TASK DESCRIPTION: What is the number of lines in the data that contain "subst"? Nothing besides that number, please.

RECORD EXCERPTS:
text \<open>Conditional expectation is linear, so almost surely the conditional expectation of an SU
  component of \<open>\<rho>\<close> is the corresponding SU component of \<open>E[\<rho>(\<cdot>) | G]\<close>. It therefore suffices
  that conditional expectation preserves dominated convergence in probability. Domination by an
  integrable \<open>Y\<close> passes to the limit, and then convergence in probability upgrades to \<open>L\<^sup>1\<close>
  convergence: split \<open>|S\<^sub>n - Z|\<close> into a part below a threshold \<open>e\<close>, a part bounded by
  \<open>2K\<close> on the event \<open>{|S\<^sub>n - Z| > e}\<close> of vanishing probability, and the tail \<open>2Y\<close> on
  \<open>{Y > K}\<close>. Conditional expectation is an \<open>L\<^sup>1\<close> contraction, and \<open>L\<^sup>1\<close> convergence gives
  convergence in probability by Markov's inequality.\<close>

lemma is_partition_bounds:
  assumes "is_partition t k p" "l \<le> k"
  shows "0 \<le> p l" "p l \<le> t"
proof -
  have step: "p n \<le> p (Suc n)" if "n < k" for n
    using assms(1) that unfolding is_partition_def by (simp add: less_imp_le)
  have "p 0 \<le> p l"
    using \<open>l \<le> k\<close> by (induction l) (auto dest!: Suc_le_lessD step)
  then show "0 \<le> p l"
    using assms(1) unfolding is_partition_def by simp
  have "p l \<le> p k"
    using \<open>l \<le> k\<close> by (induction rule: dec_induct) (auto dest!: step)
  then show "p l \<le> t"
    using assms(1) unfolding is_partition_def by simp
qed

lemma conv_in_prob_AE_cong:
  assumes conv: "conv_in_prob M S Z"
    and [measurable]: "\<And>n. S' n \<in> borel_measurable M" "Z' \<in> borel_measurable M"
    and ae: "\<And>n. AE x in M. S n x = S' n x" "AE x in M. Z x = Z' x"
  shows "conv_in_prob M S' Z'"
proof -
  have [measurable]: "S n \<in> borel_measurable M" "Z \<in> borel_measurable M" for n
    using conv unfolding conv_in_prob_def by auto
  have "measure M {\<omega> \<in> space M. e < \<bar>S' n \<omega> - Z' \<omega>\<bar>} = measure M {\<omega> \<in> space M. e < \<bar>S n \<omega> - Z \<omega>\<bar>}"
    for e n by (intro measure_eq_AE) (use ae(1)[of n] ae(2) in \<open>auto elim: AE_mp\<close>)
  then show ?thesis
    using conv unfolding conv_in_prob_def by simp
qed

lemma tendsto_integral_upper_tail:
  fixes Y :: "'a \<Rightarrow> real"
  assumes Y: "integrable M Y"
  shows "(\<lambda>K::nat. \<integral>\<omega>. (if real K < Y \<omega> then Y \<omega> else 0) \<partial>M) \<longlonglongrightarrow> 0"
proof -
  have [measurable]: "Y \<in> borel_measurable M"
    using Y by simp
  have "(\<lambda>K::nat. \<integral>\<omega>. (if real K < Y \<omega> then Y \<omega> else 0) \<partial>M) \<longlonglongrightarrow> (\<integral>\<omega>. 0 \<partial>M)"
  proof (rule integral_dominated_convergence[where w = "\<lambda>\<omega>. \<bar>Y \<omega>\<bar>"])
    show "AE \<omega> in M. (\<lambda>K::nat. if real K < Y \<omega> then Y \<omega> else 0) \<longlonglongrightarrow> 0"
    proof (rule AE_I2)
      fix \<omega>
      obtain N :: nat where "Y \<omega> \<le> real N"
        using real_arch_simple by blast
      then have "\<forall>\<^sub>F K in sequentially. (if real K < Y \<omega> then Y \<omega> else 0) = 0"
        unfolding eventually_sequentially by (intro exI[of _ N]) auto
      then show "(\<lambda>K::nat. if real K < Y \<omega> then Y \<omega> else 0) \<longlonglongrightarrow> 0"
        by (rule tendsto_eventually)
    qed
  qed (use Y in auto)
  then show ?thesis
    by simp
qed

lemma abs_diff_le_truncation:
  fixes s z y K e :: real
  assumes "\<bar>s\<bar> \<le> y" "\<bar>z\<bar> \<le> y" "0 \<le> K" "0 \<le> e"
  shows "\<bar>s - z\<bar> \<le> e + 2 * K * (if e < \<bar>s - z\<bar> then 1 else 0) + 2 * (if K < y then y else 0)"
  using assms by (auto split: if_splits)

context finite_measure
begin

lemma conv_in_prob_limit_abs_le:
  assumes conv: "conv_in_prob M S Z" and [measurable]: "Y \<in> borel_measurable M"
    and bound: "\<And>n \<omega>. \<omega> \<in> space M \<Longrightarrow> \<bar>S n \<omega>\<bar> \<le> Y \<omega>"
  shows "AE \<omega> in M. \<bar>Z \<omega>\<bar> \<le> Y \<omega>"
proof -
  have [measurable]: "S n \<in> borel_measurable M" "Z \<in> borel_measurable M" for n
    using conv unfolding conv_in_prob_def by auto
  have "AE \<omega> in M. \<bar>Z \<omega>\<bar> \<le> Y \<omega> + e" if "0 < e" for e
  proof -
    let ?B = "{\<omega> \<in> space M. Y \<omega> + e < \<bar>Z \<omega>\<bar>}"
    have "measure M ?B \<le> measure M {\<omega> \<in> space M. e < \<bar>S n \<omega> - Z \<omega>\<bar>}" for n
      by (intro finite_measure_mono) (auto dest: bound[of _ n])
    moreover have "(\<lambda>n. measure M {\<omega> \<in> space M. e < \<bar>S n \<omega> - Z \<omega>\<bar>}) \<longlonglongrightarrow> 0"
      using conv \<open>0 < e\<close> unfolding conv_in_prob_def by simp
    ultimately have "measure M ?B \<le> 0"
      by (intro LIMSEQ_le_const) auto
    then have "emeasure M ?B = 0"
      by (simp add: emeasure_eq_measure measure_le_0_iff)
    then show ?thesis
      by (subst AE_iff_measurable[OF _ refl]) (auto simp: not_le)
  qed
  then have "AE \<omega> in M. \<forall>j::nat. \<bar>Z \<omega>\<bar> \<le> Y \<omega> + inverse (real (Suc j))"
    by (simp add: AE_all_countable)
  then show ?thesis
  proof eventually_elim
    case (elim \<omega>)
    show ?case
    proof (rule field_le_epsilon)
      fix e :: real assume "0 < e"
      then obtain j where "inverse (real (Suc j)) < e"
        using reals_Archimedean by blast
      then show "\<bar>Z \<omega>\<bar> \<le> Y \<omega> + e"
        using elim[rule_format, of j] by linarith
    qed
  qed
qed

lemma conv_in_prob_dominated_integrable:
  assumes conv: "conv_in_prob M S Z" and Y: "integrable M Y"
    and bound: "\<And>n \<omega>. \<omega> \<in> space M \<Longrightarrow> \<bar>S n \<omega>\<bar> \<le> Y \<omega>"
  shows "integrable M (S n)" "integrable M Z"
proof -
  have [measurable]: "S n \<in> borel_measurable M" "Z \<in> borel_measurable M" for n
    using conv unfolding conv_in_prob_def by auto
  show "integrable M (S n)"
    by (intro Bochner_Integration.integrable_bound[OF Y] AE_I2) (auto dest!: bound[of _ n])
  show "integrable M Z"
    using conv_in_prob_limit_abs_le[OF conv _ bound] Y
    by (intro Bochner_Integration.integrable_bound[OF Y]) (auto elim: AE_mp)
qed

lemma integral_abs_diff_le_truncation:
  assumes S: "integrable M S" and Z: "integrable M Z" and Y: "integrable M Y"
    and S_le: "\<And>\<omega>. \<omega> \<in> space M \<Longrightarrow> \<bar>S \<omega>\<bar> \<le> Y \<omega>" and Z_le: "AE \<omega> in M. \<bar>Z \<omega>\<bar> \<le> Y \<omega>"
    and "0 < e" "0 \<le> K"
  shows "(\<integral>\<omega>. \<bar>S \<omega> - Z \<omega>\<bar> \<partial>M) \<le> e * measure M (space M)
    + 2 * K * measure M {\<omega> \<in> space M. e < \<bar>S \<omega> - Z \<omega>\<bar>} + 2 * (\<integral>\<omega>. (if K < Y \<omega> then Y \<omega> else 0) \<partial>M)"
proof -
  have [measurable]: "S \<in> borel_measurable M" "Z \<in> borel_measurable M" "Y \<in> borel_measurable M"
    using S Z Y by auto
  define A where "A = {\<omega> \<in> space M. e < \<bar>S \<omega> - Z \<omega>\<bar>}"
  have [measurable]: "A \<in> sets M"
    unfolding A_def by measurable
  have tail_int: "integrable M (\<lambda>\<omega>. if K < Y \<omega> then Y \<omega> else 0)"
    by (rule Bochner_Integration.integrable_bound[OF Y]) auto
  have indicator_int: "integrable M (indicator A :: 'a \<Rightarrow> real)"
    by (intro integrable_real_indicator) (auto simp: emeasure_eq_measure)
  have "(\<integral>\<omega>. \<bar>S \<omega> - Z \<omega>\<bar> \<partial>M)
      \<le> (\<integral>\<omega>. e + 2 * K * indicator A \<omega> + 2 * (if K < Y \<omega> then Y \<omega> else 0) \<partial>M)"
  proof (rule integral_mono_AE)
    show "AE \<omega> in M. \<bar>S \<omega> - Z \<omega>\<bar> \<le> e + 2 * K * indicator A \<omega> + 2 * (if K < Y \<omega> then Y \<omega> else 0)"
      using Z_le AE_space
    proof eventually_elim
      case (elim \<omega>)
      then show ?case
        using abs_diff_le_truncation[OF S_le elim(1), of K e] \<open>0 < e\<close> \<open>0 \<le> K\<close>
        by (auto simp: A_def indicator_def split: if_splits)
    qed
  qed (use S Z tail_int indicator_int in \<open>auto intro!: Bochner_Integration.integrable_add\<close>)
  also have "\<dots> = (\<integral>\<omega>. e + 2 * K * indicator A \<omega> \<partial>M) + (\<integral>\<omega>. 2 * (if K < Y \<omega> then Y \<omega> else 0) \<partial>M)"
    using tail_int indicator_int by (intro Bochner_Integration.integral_add) auto
  also have "\<dots> = e * measure M (space M) + 2 * K * measure M A
      + 2 * (\<integral>\<omega>. (if K < Y \<omega> then Y \<omega> else 0) \<partial>M)"
    using indicator_int by (subst Bochner_Integration.integral_add) auto
  finally show ?thesis
    unfolding A_def .
qed

lemma conv_in_prob_dominated_imp_L1:
  assumes conv: "conv_in_prob M S Z" and Y: "integrable M Y"
    and bound: "\<And>n \<omega>. \<omega> \<in> space M \<Longrightarrow> \<bar>S n \<omega>\<bar> \<le> Y \<omega>"
  shows "(\<lambda>n. \<integral>\<omega>. \<bar>S n \<omega> - Z \<omega>\<bar> \<partial>M) \<longlonglongrightarrow> 0"
proof (rule order_tendstoI)
  show "\<forall>\<^sub>F n in sequentially. a < (\<integral>\<omega>. \<bar>S n \<omega> - Z \<omega>\<bar> \<partial>M)" if "a < 0" for a
    using that by (intro always_eventually allI less_le_trans[OF that] integral_nonneg_AE) auto
  fix r :: real assume "0 < r"
  define tail where "tail K = (\<integral>\<omega>. (if real K < Y \<omega> then Y \<omega> else 0) \<partial>M)" for K :: nat
  define A where "A e n = {\<omega> \<in> space M. e < \<bar>S n \<omega> - Z \<omega>\<bar>}" for e n
  have L1_bound: "(\<integral>\<omega>. \<bar>S n \<omega> - Z \<omega>\<bar> \<partial>M)
      \<le> e * measure M (space M) + 2 * real K * measure M (A e n) + 2 * tail K" if "0 < e" for e n K
    unfolding A_def tail_def
    using conv_in_prob_dominated_integrable[OF conv Y bound] conv_in_prob_limit_abs_le[OF conv _ bound] Y
    by (intro integral_abs_diff_le_truncation bound \<open>0 < e\<close>) auto
  have "\<forall>\<^sub>F K in sequentially. tail K < r / 4"
    using order_tendstoD(2)[OF tendsto_integral_upper_tail[OF Y], of "r / 4"] \<open>0 < r\<close>
    unfolding tail_def by simp
  then obtain K where tail_K: "tail K < r / 4"
    by (meson eventually_sequentially order_refl)
  define e where "e = r / (2 * (measure M (space M) + 1))"
  have "0 < e"
    using \<open>0 < r\<close> by (simp add: e_def measure_nonneg add_nonneg_pos)
  have "e * measure M (space M) < e * (measure M (space M) + 1)"
    using \<open>0 < e\<close> by simp
  also have "\<dots> = r / 2"
    using measure_nonneg[of M "space M"] unfolding e_def
    by (simp add: field_simps add_nonneg_eq_0_iff)
  finally have "e * measure M (space M) + 2 * real K * 0 + 2 * tail K < r"
    using tail_K by simp
  moreover have "(\<lambda>n. e * measure M (space M) + 2 * real K * measure M (A e n) + 2 * tail K)
      \<longlonglongrightarrow> e * measure M (space M) + 2 * real K * 0 + 2 * tail K"
    using conv \<open>0 < e\<close> unfolding conv_in_prob_def A_def by (intro tendsto_intros) auto
  ultimately have "\<forall>\<^sub>F n in sequentially.
      e * measure M (space M) + 2 * real K * measure M (A e n) + 2 * tail K < r"
    by (simp only: order_tendstoD(2))
  then show "\<forall>\<^sub>F n in sequentially. (\<integral>\<omega>. \<bar>S n \<omega> - Z \<omega>\<bar> \<partial>M) < r"
    by eventually_elim (use L1_bound[OF \<open>0 < e\<close>] in \<open>auto intro: le_less_trans\<close>)
qed

lemma L1_conv_imp_conv_in_prob:
  assumes [measurable]: "\<And>n. S n \<in> borel_measurable M" "Z \<in> borel_measurable M"
    and int: "\<And>n. integrable M (\<lambda>\<omega>. S n \<omega> - Z \<omega>)"
    and L1: "(\<lambda>n. \<integral>\<omega>. \<bar>S n \<omega> - Z \<omega>\<bar> \<partial>M) \<longlonglongrightarrow> 0"
  shows "conv_in_prob M S Z"
  unfolding conv_in_prob_def
proof (intro conjI allI impI)
  fix e :: real assume "0 < e"
  have "measure M {\<omega> \<in> space M. e < \<bar>S n \<omega> - Z \<omega>\<bar>} \<le> measure M {\<omega> \<in> space M. e \<le> \<bar>S n \<omega> - Z \<omega>\<bar>}" for n
    by (intro finite_measure_mono) auto
  also have "measure M {\<omega> \<in> space M. e \<le> \<bar>S n \<omega> - Z \<omega>\<bar>} \<le> (\<integral>\<omega>. \<bar>S n \<omega> - Z \<omega>\<bar> \<partial>M) / e" for n
    using int \<open>0 < e\<close> by (intro integral_Markov_inequality_measure[where A = "space M"]) auto
  finally show "(\<lambda>n. measure M {\<omega> \<in> space M. e < \<bar>S n \<omega> - Z \<omega>\<bar>}) \<longlonglongrightarrow> 0"
    by (intro tendsto_sandwich[OF _ _ tendsto_const tendsto_divide_zero[OF L1, of e]]) auto
qed auto

end

context sigma_finite_subalgebra
begin

lemma real_cond_exp_abs_le:
  assumes "integrable M f"
  shows "AE x in M. \<bar>real_cond_exp M F f x\<bar> \<le> real_cond_exp M F (\<lambda>x. \<bar>f x\<bar>) x"
proof -
  have "AE x in M. real_cond_exp M F f x \<le> real_cond_exp M F (\<lambda>x. \<bar>f x\<bar>) x"
    using assms by (intro real_cond_exp_mono) auto
  moreover have "AE x in M. real_cond_exp M F (\<lambda>x. - f x) x \<le> real_cond_exp M F (\<lambda>x. \<bar>f x\<bar>) x"
    using assms by (intro real_cond_exp_mono) auto
  moreover have "AE x in M. real_cond_exp M F (\<lambda>x. - f x) x = - real_cond_exp M F f x"
    using real_cond_exp_cmult[OF assms, of "-1"] by simp
  ultimately show ?thesis
    by eventually_elim auto
qed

ANSWER TO THE PROBLEM: 2